You come to me and kneel. You hand me the collar, the collar that I have given you: my collar, leather and steel, the engraving claiming you as my property.
“Please Ma’am, will you put your collar on me?”
It makes me smile every time you ask me, every single time, it makes me melt, it brings you close, sometimes I reach to kiss you, and always, I say “Yes”.
I put the collar around your neck as you kneel before me, you lean down, bring your face into my lap and you rest there, your skin warm against me, waiting for me to affix the clasp, to close the padlock. You feel it slip into place, hear it click shut and you raise your face to me, all soft and open affection, your eyes a question mark, sweetly hoping for a kiss.
And tonight, for the first time, you have to put it on yourself, my collar, and I am happy that you have it and I love that you will wear it, and I am heartbroken that I am not there to put it around your neck.
You ask me, “Please Ma’am, may I put your collar on?” and it makes me melt and it makes me so intensely sad, and I feel something crack a little.

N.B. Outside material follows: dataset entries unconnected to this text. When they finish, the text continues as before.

(* Under the hypotheses of the previous statement (with $P$ analytic in $\{\operatorname{Re}z>0\}$, $a>0$, $|P(z)|<M(\delta)e^{-a|z|}$ on $S(-\tfrac{\pi}{2}+\delta,\tfrac{\pi}{2}-\delta)$ for each $\delta\in(0,\tfrac{\pi}{2})$), let $F$ be the entire function that coincides with $F_\theta(t)=\int_{\arg z=\theta}e^{zt}P(z)\,dz$ on $\Pi_{\theta,a}$ for every $\theta\in(-\tfrac{\pi}{2},\tfrac{\pi}{2})$. Then for every $\delta\in(0,\tfrac{\pi}{2})$, $$|F(t)|\le \frac{2M(\delta)}{a}\quad\text{for all } t\in \overline{\Pi_{\pi/2-\delta,a/2}}\cup\overline{\Pi_{-\pi/2+\delta,a/2}},$$ i.e. outside the open sector with apex $\frac{a}{2\sin\delta}$ on the positive real axis, symmetric about the real axis, with half-opening $\delta$, containing $(\frac{a}{2\sin\delta},+\infty)$. In particular $|F(|t|e^{\pm i\delta})|\le 2M(\delta)/a$ for all $t$. Moreover $F(t)\to0$ as $t\to-\infty$ along the real axis.
   Context: For $\alpha<\beta$, $S(\alpha,\beta)=\{z\in\mathbb{C}:0<|z|<\infty,\ \alpha<\arg z<\beta\}$. For $\theta\in(-\tfrac{\pi}{2},\tfrac{\pi}{2})$ and $c>0$, $\Pi_{\theta,c}=\{t=\sigma+i\tau:\ \sigma\cos\theta-\tau\sin\theta<c\}$, and $\overline{\Pi_{\theta,c}}$ is its closure. *)

theory Defs
  imports "HOL-Analysis.Analysis"
begin

text \<open>Open sector S(alpha,beta) = {z : 0 < |z| < infinity, alpha < arg z < beta}
  (principal argument, suitable for -pi < alpha < beta <= pi).\<close>
definition sector :: "real \<Rightarrow> real \<Rightarrow> complex set" where
  "sector \<alpha> \<beta> = {z. z \<noteq> 0 \<and> \<alpha> < Arg z \<and> Arg z < \<beta>}"

definition halfplane :: "real \<Rightarrow> real \<Rightarrow> complex set" where
  "halfplane \<theta> c = {t. Re t * cos \<theta> - Im t * sin \<theta> < c}"

text \<open>F_theta(t) = integral over the ray arg z = theta (from 0 to infinity) of e^{zt} P(z) dz,
  parametrised by z = r e^{i theta}, dz = e^{i theta} dr.\<close>
definition ray_laplace :: "(complex \<Rightarrow> complex) \<Rightarrow> real \<Rightarrow> complex \<Rightarrow> complex" where
  "ray_laplace P \<theta> t =
     integral {0<..} (\<lambda>r::real. exp (of_real r * cis \<theta> * t) * P (of_real r * cis \<theta>) * cis \<theta>)"

end

theory Submission
  imports Defs "HOL-Real_Asymp.Real_Asymp"
begin

text \<open>On the ray arg z = \<theta> the integrand of F_\<theta>(t) has modulus at most
  M exp(-(a - b) r) with b = Re(e^(i\<theta>) t), so |F_\<theta>(t)| \<le> M/(a - b), which is 2M/a on the
  closed half-plane b \<le> a/2. By continuity the bound on P persists on the boundary rays
  \<theta> = \<plusminus>(\<pi>/2 - \<delta>) of the sector, and the two corresponding half-planes cover the complement
  of the sector in the statement. For \<theta> = 0 and real t = x the same estimate reads
  |F(x)| \<le> M/(a - x), which tends to 0 as x \<rightarrow> -\<infinity>.\<close>

lemma halfplane_eq: "halfplane \<theta> c = {t. Re (cis \<theta> * t) < c}"
  by (auto simp: halfplane_def algebra_simps)

lemma closure_halfplane_subset: "closure (halfplane \<theta> c) \<subseteq> {t. Re (cis \<theta> * t) \<le> c}"
  unfolding halfplane_eq by (intro closure_minimal closed_Collect_le continuous_intros) auto

lemma closure_halfplane_subset_halfplane:
  assumes "c < d"
  shows "closure (halfplane \<theta> c) \<subseteq> halfplane \<theta> d"
  using closure_halfplane_subset assms by (fastforce simp: halfplane_eq)

lemma ray_in_halfplane:
  assumes "cos (\<theta> + \<phi>) = 0" "c > 0"
  shows "of_real r * cis \<phi> \<in> halfplane \<theta> c"
proof -
  have "Re (of_real r * cis \<phi>) * cos \<theta> - Im (of_real r * cis \<phi>) * sin \<theta> = r * cos (\<theta> + \<phi>)"
    by (simp add: cos_add algebra_simps)
  also have "\<dots> = 0"
    using assms by simp
  finally have on_boundary: "Re (of_real r * cis \<phi>) * cos \<theta> - Im (of_real r * cis \<phi>) * sin \<theta> = 0" .
  show ?thesis
    unfolding halfplane_def mem_Collect_eq on_boundary using assms by simp
qed

lemma norm_le_on_closed_sector:
  fixes P :: "complex \<Rightarrow> complex"
  assumes contP: "continuous_on {z. Re z > 0} P"
    and "-pi/2 < \<alpha>" "\<alpha> < \<beta>" "\<beta> < pi/2"
    and P_le: "\<And>z. z \<in> sector \<alpha> \<beta> \<Longrightarrow> cmod (P z) \<le> M * exp (- a * cmod z)"
    and "r > 0" "\<phi> \<in> {\<alpha>..\<beta>}"
  shows "cmod (P (of_real r * cis \<phi>)) \<le> M * exp (- a * r)"
proof -
  have closure_eq: "closure {\<alpha><..<\<beta>} = {\<alpha>..\<beta>}"
    using \<open>\<alpha> < \<beta>\<close> by simp
  have "continuous_on {\<alpha>..\<beta>} (\<lambda>\<phi>. P (of_real r * cis \<phi>))"
  proof (rule continuous_on_compose2[OF contP])
    show "(\<lambda>\<phi>. of_real r * cis \<phi>) ` {\<alpha>..\<beta>} \<subseteq> {z. Re z > 0}"
      using assms by (auto intro!: mult_pos_pos cos_gt_zero_pi)
  qed (intro continuous_intros)
  then have "continuous_on (closure {\<alpha><..<\<beta>}) (\<lambda>\<phi>. cmod (P (of_real r * cis \<phi>)))"
    unfolding closure_eq by (intro continuous_intros)
  then show ?thesis
  proof (rule continuous_le_on_closure)
    fix x assume x: "x \<in> {\<alpha><..<\<beta>}"
    then have "Arg (of_real r * cis x) = x"
      using assms by (simp add: Arg_cis)
    then have "of_real r * cis x \<in> sector \<alpha> \<beta>"
      using x \<open>r > 0\<close> by (simp add: sector_def)
    then show "cmod (P (of_real r * cis x)) \<le> M * exp (- a * r)"
      using P_le \<open>r > 0\<close> by (fastforce simp: norm_mult)
  qed (use assms closure_eq in simp)
qed

lemma has_integral_exp_minus_to_infinity_open:
  assumes "a > 0"
  shows "((\<lambda>x::real. exp (-a*x)) has_integral exp (-a*c)/a) {c<..}"
proof -
  have "((\<lambda>x::real. exp (-a*x)) has_integral exp (-a*c)/a) {c..}"
    using assms by (rule has_integral_exp_minus_to_infinity)
  moreover have "negligible {c}" by simp
  ultimately show ?thesis
    by (subst (asm) has_integral_spike_set_eq[where T = "{c<..}"])
       (auto intro: negligible_subset[of "{c}"])
qed

lemma norm_ray_laplace_le:
  fixes P :: "complex \<Rightarrow> complex"
  assumes P_le: "\<And>r. r > 0 \<Longrightarrow> cmod (P (of_real r * cis \<theta>)) \<le> K * exp (- a * r)"
    and t: "Re (cis \<theta> * t) \<le> b" and "b < a"
  shows "cmod (ray_laplace P \<theta> t) \<le> K / (a - b)"
proof -
  define f where "f = (\<lambda>r::real. exp (of_real r * cis \<theta> * t) * P (of_real r * cis \<theta>) * cis \<theta>)"
  have ray_laplace_eq: "ray_laplace P \<theta> t = integral {0<..} f"
    unfolding ray_laplace_def f_def ..
  \<comment> \<open>needed when f is not integrable and the integral is junk 0\<close>
  have "cmod (P (cis \<theta>)) \<le> K * exp (- a)"
    using P_le[of 1] by simp
  then have "0 \<le> K * exp (- a)"
    by (rule order_trans[OF norm_ge_zero])
  then have "K \<ge> 0"
    by (simp add: zero_le_mult_iff)
  have majorant: "((\<lambda>r. K * exp (-(a-b)*r)) has_integral K / (a-b)) {0<..}"
    using has_integral_exp_minus_to_infinity_open[of "a-b" 0] \<open>b < a\<close>
    by (auto dest: has_integral_mult_right[where c = K])
  have f_le: "cmod (f r) \<le> K * exp (-(a-b)*r)" if "r \<in> {0<..}" for r
  proof -
    have "cmod (f r) = exp (r * Re (cis \<theta> * t)) * cmod (P (of_real r * cis \<theta>))"
      by (simp add: f_def norm_mult mult.assoc)
    also have "\<dots> \<le> exp (r * b) * (K * exp (- a * r))"
      using that t by (intro mult_mono P_le) auto
    also have "\<dots> = K * exp (-(a-b)*r)"
      by (simp add: exp_add[symmetric] algebra_simps)
    finally show ?thesis .
  qed
  show ?thesis
  proof (cases "f integrable_on {0<..}")
    case True
    then have "cmod (integral {0<..} f) \<le> integral {0<..} (\<lambda>r. K * exp (-(a-b)*r))"
      using majorant f_le by (intro integral_norm_bound_integral) auto
    then show ?thesis
      using integral_unique[OF majorant] by (simp add: ray_laplace_eq)
  next
    case False
    then show ?thesis
      using \<open>K \<ge> 0\<close> \<open>b < a\<close> by (simp add: ray_laplace_eq not_integrable_integral)
  qed
qed

lemma norm_ray_laplace_le_on_closed_halfplane:
  fixes P :: "complex \<Rightarrow> complex"
  assumes contP: "continuous_on {z. Re z > 0} P"
    and "-pi/2 < \<alpha>" "\<alpha> < \<beta>" "\<beta> < pi/2"
    and P_le: "\<And>z. z \<in> sector \<alpha> \<beta> \<Longrightarrow> cmod (P z) \<le> M * exp (- a * cmod z)"
    and "\<theta> \<in> {\<alpha>..\<beta>}" "a > 0" "t \<in> closure (halfplane \<theta> (a/2))"
  shows "cmod (ray_laplace P \<theta> t) \<le> 2 * M / a"
proof -
  have "Re (cis \<theta> * t) \<le> a/2"
    using closure_halfplane_subset \<open>t \<in> closure (halfplane \<theta> (a/2))\<close> by blast
  then have "cmod (ray_laplace P \<theta> t) \<le> M / (a - a/2)"
    using norm_le_on_closed_sector[OF assms(1-5) _ \<open>\<theta> \<in> {\<alpha>..\<beta>}\<close>] \<open>a > 0\<close>
    by (intro norm_ray_laplace_le) auto
  then show ?thesis
    by (simp add: mult.commute)
qed

lemma ray_laplace_tendsto_zero_at_bot:
  fixes P :: "complex \<Rightarrow> complex"
  assumes "\<And>r. r > 0 \<Longrightarrow> cmod (P (of_real r)) \<le> K * exp (- a * r)"
  shows "((\<lambda>x::real. ray_laplace P 0 (of_real x)) \<longlongrightarrow> 0) at_bot"
proof (rule Lim_null_comparison)
  show "\<forall>\<^sub>F x in at_bot. cmod (ray_laplace P 0 (of_real x)) \<le> K / (a - x)"
    using eventually_gt_at_bot[of a]
    by eventually_elim (rule norm_ray_laplace_le, use assms in auto)
  show "((\<lambda>x. K / (a - x)) \<longlongrightarrow> 0) at_bot"
    by real_asymp
qed

theorem mainTheorem6:
  fixes P F :: "complex \<Rightarrow> complex" and M :: "real \<Rightarrow> real" and a :: real
  assumes holP: "P holomorphic_on {z. Re z > 0}"
    and apos: "a > 0"
    and bound: "\<And>\<delta> z. \<delta> \<in> {0<..<pi/2} \<Longrightarrow> z \<in> sector (-pi/2 + \<delta>) (pi/2 - \<delta>) \<Longrightarrow>
                  cmod (P z) < M \<delta> * exp (- a * cmod z)"
    and entF: "F holomorphic_on UNIV"
    and coincide: "\<And>\<theta> t. \<theta> \<in> {-pi/2<..<pi/2} \<Longrightarrow> t \<in> halfplane \<theta> a \<Longrightarrow>
                  F t = ray_laplace P \<theta> t"
  shows "(\<forall>\<delta>\<in>{0<..<pi/2}. \<forall>t \<in> closure (halfplane (pi/2 - \<delta>) (a/2))
                                    \<union> closure (halfplane (-pi/2 + \<delta>) (a/2)).
            cmod (F t) \<le> 2 * M \<delta> / a)
       \<and> (\<forall>\<delta>\<in>{0<..<pi/2}. \<forall>t::complex.
            cmod (F (of_real (cmod t) * cis \<delta>)) \<le> 2 * M \<delta> / a \<and>
            cmod (F (of_real (cmod t) * cis (- \<delta>))) \<le> 2 * M \<delta> / a)
       \<and> ((\<lambda>x::real. F (of_real x)) \<longlongrightarrow> 0) at_bot"
proof -
  have F_le: "cmod (F t) \<le> 2 * M \<delta> / a"
    if \<delta>: "\<delta> \<in> {0<..<pi/2}" and \<theta>: "\<theta> \<in> {-pi/2 + \<delta>..pi/2 - \<delta>}"
      and t: "t \<in> closure (halfplane \<theta> (a/2))" for \<delta> \<theta> t
  proof -
    have "F t = ray_laplace P \<theta> t"
      using \<delta> \<theta> t apos closure_halfplane_subset_halfplane[of "a/2" a \<theta>] by (intro coincide) auto
    also have "cmod \<dots> \<le> 2 * M \<delta> / a"
      using \<delta> \<theta> t apos bound[OF \<delta>]
      by (intro norm_ray_laplace_le_on_closed_halfplane[OF holomorphic_on_imp_continuous_on[OF holP]])
         (auto intro: less_imp_le)
    finally show ?thesis .
  qed
  have outside_sector: "\<forall>\<delta>\<in>{0<..<pi/2}. \<forall>t \<in> closure (halfplane (pi/2 - \<delta>) (a/2))
                                    \<union> closure (halfplane (-pi/2 + \<delta>) (a/2)).
            cmod (F t) \<le> 2 * M \<delta> / a"
  proof (intro ballI)
    fix \<delta> t
    assume "\<delta> \<in> {0<..<pi/2}"
      and "t \<in> closure (halfplane (pi/2 - \<delta>) (a/2)) \<union> closure (halfplane (-pi/2 + \<delta>) (a/2))"
    then show "cmod (F t) \<le> 2 * M \<delta> / a"
      using F_le[of \<delta> "pi/2 - \<delta>" t] F_le[of \<delta> "-pi/2 + \<delta>" t] by auto
  qed
  moreover have "\<forall>\<delta>\<in>{0<..<pi/2}. \<forall>t::complex.
            cmod (F (of_real (cmod t) * cis \<delta>)) \<le> 2 * M \<delta> / a \<and>
            cmod (F (of_real (cmod t) * cis (- \<delta>))) \<le> 2 * M \<delta> / a"
  proof (intro ballI allI)
    fix \<delta> and t :: complex
    assume "\<delta> \<in> {0<..<pi/2}"
    moreover have "of_real (cmod t) * cis \<delta> \<in> halfplane (pi/2 - \<delta>) (a/2)"
      and "of_real (cmod t) * cis (- \<delta>) \<in> halfplane (-pi/2 + \<delta>) (a/2)"
      using apos by (intro ray_in_halfplane; simp)+
    ultimately show "cmod (F (of_real (cmod t) * cis \<delta>)) \<le> 2 * M \<delta> / a \<and>
        cmod (F (of_real (cmod t) * cis (- \<delta>))) \<le> 2 * M \<delta> / a"
      using outside_sector closure_subset by blast
  qed
  moreover have "((\<lambda>x::real. F (of_real x)) \<longlongrightarrow> 0) at_bot"
  proof (rule Lim_transform_eventually)
    have "cmod (P (of_real r)) \<le> M (pi/4) * exp (- a * r)" if "r > 0" for r
      using bound[of "pi/4" "of_real r"] that by (simp add: sector_def)
    then show "((\<lambda>x::real. ray_laplace P 0 (of_real x)) \<longlongrightarrow> 0) at_bot"
      by (rule ray_laplace_tendsto_zero_at_bot)
    show "\<forall>\<^sub>F x in at_bot. ray_laplace P 0 (of_real x) = F (of_real x)"
      using eventually_gt_at_bot[of a]
      by eventually_elim (rule coincide[symmetric], auto simp: halfplane_def)
  qed
  ultimately show ?thesis
    by blast
qed

end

“Yes, baby, yes, put it on…”
This!… It’s things like this sweet, touching, and quiet little ceremony, that speak to me in the loudest, and clearest terms.
It is that quality of loving ownership that moves me the most.
*smile* Yes, it moves me also.
Thank you for your comment back here. I like it when my older posts get some love.
*smile* Thank you!
How tight do you like your boys collar to be?
I want to be able to get two fingers under it. For comfort and grabbing *smile*.